Наталья Александрова - Сентиментальный душегуб
– Думаешь, стоит попробовать? – с сомнением спросил Володя.
– А что мы теряем? Если ни один из этих троих не виноват, мы им ничего плохого не сделаем. А чтобы подстегнуть их, надо сказать, что после бабули осталась квартира в центре, бесхозная, ЖЭК сразу лапу наложил и велел барахло быстро забирать, а квартира уже обещана кое-кому. Про это все поверят, сам знаешь, какая мафия сейчас в ЖЭКах творится!

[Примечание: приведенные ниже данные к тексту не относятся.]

(* Let $\alpha\colon\Gamma\curvearrowright(X,\mu)$ and $\beta\colon\Gamma\curvearrowright(Y,\nu)$ be p.m.p. actions. For every finite $S\subseteq\Gamma$, $k\in\mathbb{N}^+$ and $\epsilon>0$ there exists $N\in\mathbb{N}^+$ such that $\{M^{\alpha\times\beta}_{S,k}(f): f\in\mathrm{Step}_{k,N}(X,\mu;Y,\nu)\}$ is an $\epsilon$-net in $C^{\alpha\times\beta}_{S,k}$ with respect to $\mathrm{dist}_\infty$; let $N_{S,k}(\alpha,\beta,\epsilon)$ denote the least such $N$. Moreover, if $\tilde\alpha,\tilde\beta$ are p.m.p. actions with $\alpha\simeq\tilde\alpha$ and $\beta\simeq\tilde\beta$, then $N_{S,k}(\alpha,\beta,\epsilon)=N_{S,k}(\tilde\alpha,\tilde\beta,\epsilon)$; i.e., $N_{S,k}$ depends only on the weak equivalence classes of $\alpha$ and $\beta$.
   Context: $\Gamma$ is a countably infinite group; p.m.p. actions are measure-preserving actions on standard probability spaces; $\alpha\times\beta$ is the diagonal product action on $(X\times Y,\mu\times\nu)$. Each $k\in\mathbb{N}^+$ is identified with $\{0,\dots,k-1\}$; $\mathrm{Meas}_k(X,\mu)$ is the set of measurable maps $X\to k$. For finite $S\subseteq\Gamma$, $M^\alpha_{S,k}(f)(\gamma,i,j)=\mu(\{x: f(x)=i, f(\gamma\cdot x)=j\})$, and $C^\alpha_{S,k}$ is the closure in $[0,1]^{S\times k\times k}$ of $\{M^\alpha_{S,k}(f): f\in\mathrm{Meas}_k(X,\mu)\}$; $\mathrm{dist}_\infty$ is the sup-metric. $\alpha\simeq\beta$ (weak equivalence) means $C^\alpha_{S,k}=C^\beta_{S,k}$ for all finite $S$ and all $k$. An $N$-step function is a map $f\in\mathrm{Meas}_k(X\times Y,\mu\times\nu)$ of the form $f(x,y)=\phi(g(x),h(y))$ with $g\in\mathrm{Meas}_N(X,\mu)$, $h\in\mathrm{Meas}_N(Y,\nu)$, $\phi\colon N\times N\to k$; $\mathrm{Step}_{k,N}(X,\mu;Y,\nu)$ is the set of these. A subset $A$ of a metric space $B$ is an $\epsilon$-net if every point of $B$ is at distance $<\epsilon$ from some point of $A$. *)

theory Defs
  imports "HOL-Probability.Probability" "HOL-Library.Infinite_Typeclass" "HOL-Library.Countable"
begin

text \<open>A p.m.p. action of the group 'g on a standard probability space.  A standard
  Borel space is modelled as a Polish type with its Borel sigma-algebra.\<close>
definition pmp_action :: "'x::polish_space measure \<Rightarrow> ('g::group_add \<Rightarrow> 'x \<Rightarrow> 'x) \<Rightarrow> bool" where
  "pmp_action M a \<longleftrightarrow> prob_space M \<and> sets M = sets borel \<and>
     (\<forall>g. a g \<in> M \<rightarrow>\<^sub>M M \<and> distr M M (a g) = M) \<and>
     (\<forall>x. a 0 x = x) \<and> (\<forall>g h x. a (g + h) x = a g (a h x))"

Он глядел на меня с улыбкой:
– Отчаянная ты!
Я не поняла, нравится это ему или нет.
Через три дня, похоронив Веру Сергеевну, Володя сказал, что художественная жизнь идет своим чередом, он поинтриговал немного и получил приглашение на очередную выставку в галерею «Зефир».
– Что за странное название – «Зефир»? Это что – выставочный зал кондитерской фабрики?
Володя фыркнул:
– Зефир – это вообще-то теплый южный ветер по-древнегречески. Ну, знаешь, Борей – северный, а остальные как называются, я позабыл.

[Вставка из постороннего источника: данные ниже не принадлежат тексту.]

lemma frob_fix_subset_imp_dvd:
  assumes "e > 0" "e dvd N" "frob_fix e \<subseteq> (frob_fix h :: 'a set)"
  shows "e dvd h"
proof -
  have "frob_fix e = (frob_fix (gcd e h) :: 'a set)"
    using assms(3) frob_fix_Int[of e h] by auto
  then have "2 ^ e \<le> (2::nat) ^ gcd e h"
    using card_frob_fix[OF assms(1,2)] card_frob_fix_le[of "gcd e h"] assms(1) by simp
  moreover have "gcd e h \<le> e" using assms(1) by (simp add: gcd_le1_nat)
  ultimately have "gcd e h = e" by simp
  then show ?thesis by (metis gcd_dvd2)
qed

subsection \<open>The maps \<open>w \<mapsto> w ^ (2 ^ s - 1)\<close>\<close>

text \<open>The kernel of \<open>w \<mapsto> w ^ (2 ^ s - 1)\<close> on the units of \<open>frob_fix g\<close> consists of the
  units of \<open>frob_fix (gcd s g)\<close>, and its fibres are cosets of the kernel.\<close>
lemma card_power_image_frob_fix_units:
  assumes "g > 0" "g dvd N"
  shows "card ((\<lambda>w. w ^ (2 ^ s - 1)) ` (frob_fix g - {0} :: 'a set))
    = (2 ^ g - 1) div (2 ^ gcd s g - 1)"
proof -
  define h where "h = gcd s g"
  define D where "D = 2 ^ s - (1::nat)"
  let ?A = "frob_fix g - {0} :: 'a set" and ?K = "frob_fix h - {0} :: 'a set"
  have "h > 0" using assms(1) by (simp add: h_def)
  have "h dvd N" unfolding h_def using assms(2) by (rule dvd_trans[OF gcd_dvd2])
  have "(1::nat) < 2 ^ h" using \<open>h > 0\<close> by (intro one_less_power) auto
  have card_A: "card ?A = 2 ^ g - 1"
    using card_frob_fix[OF assms] by (simp add: card_Diff_singleton)
  have card_K: "card ?K = 2 ^ h - 1"
    using card_frob_fix[OF \<open>h > 0\<close> \<open>h dvd N\<close>] by (simp add: card_Diff_singleton)
  have K_iff: "\<mu> \<in> ?K \<longleftrightarrow> \<mu> \<in> ?A \<and> \<mu> ^ D = 1" for \<mu>
    using power2_minus_1_eq_1_frob_fix_iff[of \<mu> s g] by (auto simp: D_def h_def)
  have fibre: "{y \<in> ?A. y ^ D = x ^ D} = (\<lambda>\<mu>. x * \<mu>) ` ?K" if "x \<in> ?A" for x
  proof (intro equalityI subsetI)
    fix y assume "y \<in> {y \<in> ?A. y ^ D = x ^ D}"
    then have "y / x \<in> ?A" "(y / x) ^ D = 1"
      using that by (auto simp: power_divide)
    then have "y / x \<in> ?K" using K_iff by blast
    moreover have "y = x * (y / x)" using that by simp
    ultimately show "y \<in> (\<lambda>\<mu>. x * \<mu>) ` ?K" by blast
  next
    fix y assume "y \<in> (\<lambda>\<mu>. x * \<mu>) ` ?K"
    then obtain \<mu> where "y = x * \<mu>" "\<mu> \<in> ?A" "\<mu> ^ D = 1" using K_iff by blast
    then show "y \<in> {y \<in> ?A. y ^ D = x ^ D}"
      using that by (auto simp: power_mult_distrib)
  qed
  have "card ?A = card ?K * card ((\<lambda>w. w ^ D) ` ?A)"
  proof (rule card_eq_card_fibre_mult_card_image)
    fix x assume "x \<in> ?A"
    then have "inj_on (\<lambda>\<mu>. x * \<mu>) ?K" by (intro inj_onI) simp
    then show "card {y \<in> ?A. y ^ D = x ^ D} = card ?K"
      by (simp only: fibre[OF \<open>x \<in> ?A\<close>] card_image)
  qed simp
  then show ?thesis
    using card_A card_K \<open>1 < 2 ^ h\<close> by (simp add: D_def h_def)
qed

lemma power_image_frob_fix_units:
  assumes "g > 0" "g dvd N"
  shows "(\<lambda>w. w ^ (2 ^ s - 1)) ` (frob_fix g - {0})
    = {c::'a. c ^ ((2 ^ g - 1) div (2 ^ gcd s g - 1)) = 1}"
proof -
  define h where "h = gcd s g"
  define D where "D = 2 ^ s - (1::nat)"
  define E where "E = (2 ^ g - 1) div (2 ^ h - (1::nat))"
  let ?A = "frob_fix g - {0} :: 'a set" and ?R = "{c::'a. c ^ E = 1}"
  have "(2 ^ h - 1) dvd (2 ^ g - (1::nat))"
    unfolding h_def by (rule power2_minus_1_dvd) simp
  then have g_eq: "2 ^ g - 1 = (2 ^ h - 1) * E" by (simp add: E_def)
  have "E > 0" unfolding E_def h_def by (rule power2_minus_1_div_gcd_pos[OF assms(1)])
  have "(2 ^ h - 1) dvd D"
    unfolding D_def h_def by (rule power2_minus_1_dvd) simp
  then obtain k where "D = (2 ^ h - 1) * k" by blast
  then have "D * E = (2 ^ h - 1) * E * k" by (simp only: ac_simps)
  then have D_eq: "D * E = (2 ^ g - 1) * k" by (simp only: g_eq)
  have image_subset: "(\<lambda>w. w ^ D) ` ?A \<subseteq> ?R"
  proof (rule image_subsetI)
    fix w :: 'a assume "w \<in> ?A"
    then have "w ^ (2 ^ g - 1) = 1" using power2_minus_1_eq_1_iff by blast
    moreover have "(w ^ D) ^ E = (w ^ (2 ^ g - 1)) ^ k" by (simp only: power_mult[symmetric] D_eq)
    ultimately show "w ^ D \<in> ?R" by simp
  qed
  moreover have "card ?R \<le> card ((\<lambda>w. w ^ D) ` ?A)"
    using card_roots_of_unity_le[OF \<open>E > 0\<close>] card_power_image_frob_fix_units[OF assms, of s]
    by (simp add: D_def E_def h_def)
  ultimately have "(\<lambda>w. w ^ D) ` ?A = ?R"
    using card_mono[OF _ image_subset] by (intro card_subset_eq) auto
  then show ?thesis by (simp add: D_def E_def h_def)
qed

lemma power_roots_in_frob_fix_if_root_in:
  fixes v :: 'a
  assumes "gcd s g dvd h" "h dvd g" "v \<in> frob_fix h" "v \<noteq> 0"
  shows "\<forall>w \<in> frob_fix g - {0}. w ^ (2 ^ s - 1) = v ^ (2 ^ s - 1) \<longrightarrow> w \<in> frob_fix h"
proof (intro ballI impI)
  fix w :: 'a
  assume w: "w \<in> frob_fix g - {0}" "w ^ (2 ^ s - 1) = v ^ (2 ^ s - 1)"
  have "v \<in> frob_fix g" using assms(3) frob_fix_mono[OF assms(2)] by blast
  then have "w / v \<in> frob_fix g" "w / v \<noteq> 0" "(w / v) ^ (2 ^ s - 1) = 1"
    using w assms(4) by (auto simp: power_divide)
  then have "w / v \<in> frob_fix (gcd s g)"
    using power2_minus_1_eq_1_frob_fix_iff[of "w / v" s g] by simp
  then have "w / v \<in> frob_fix h" using frob_fix_mono[OF assms(1)] by blast
  then have "w / v * v \<in> frob_fix h" using assms(3) by (rule frob_fix_mult)
  then show "w \<in> frob_fix h" using assms(4) by simp
qed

– Потому и кондитерский зефир так называется, что он такой мягкий, нежный, как южный ветер?
– Конечно, и эту галерею так назвали, потому что здесь выставляется все такое… Ласкающее взгляд чувствительных дам.
– А что же все сюда ходят?
– Здесь много жен богачей, которым все пытаются что-нибудь продать, а для этого хорошо бы сначала с ними познакомиться. Кроме того, здесь всегда хорошо кормят и поят.
– Но мы идем сюда с совершенно конкретной целью, – строго сказала я, – не увлекайся шампанским.
Кажется, он обиделся, потому что отошел от меня и сделал независимый вид.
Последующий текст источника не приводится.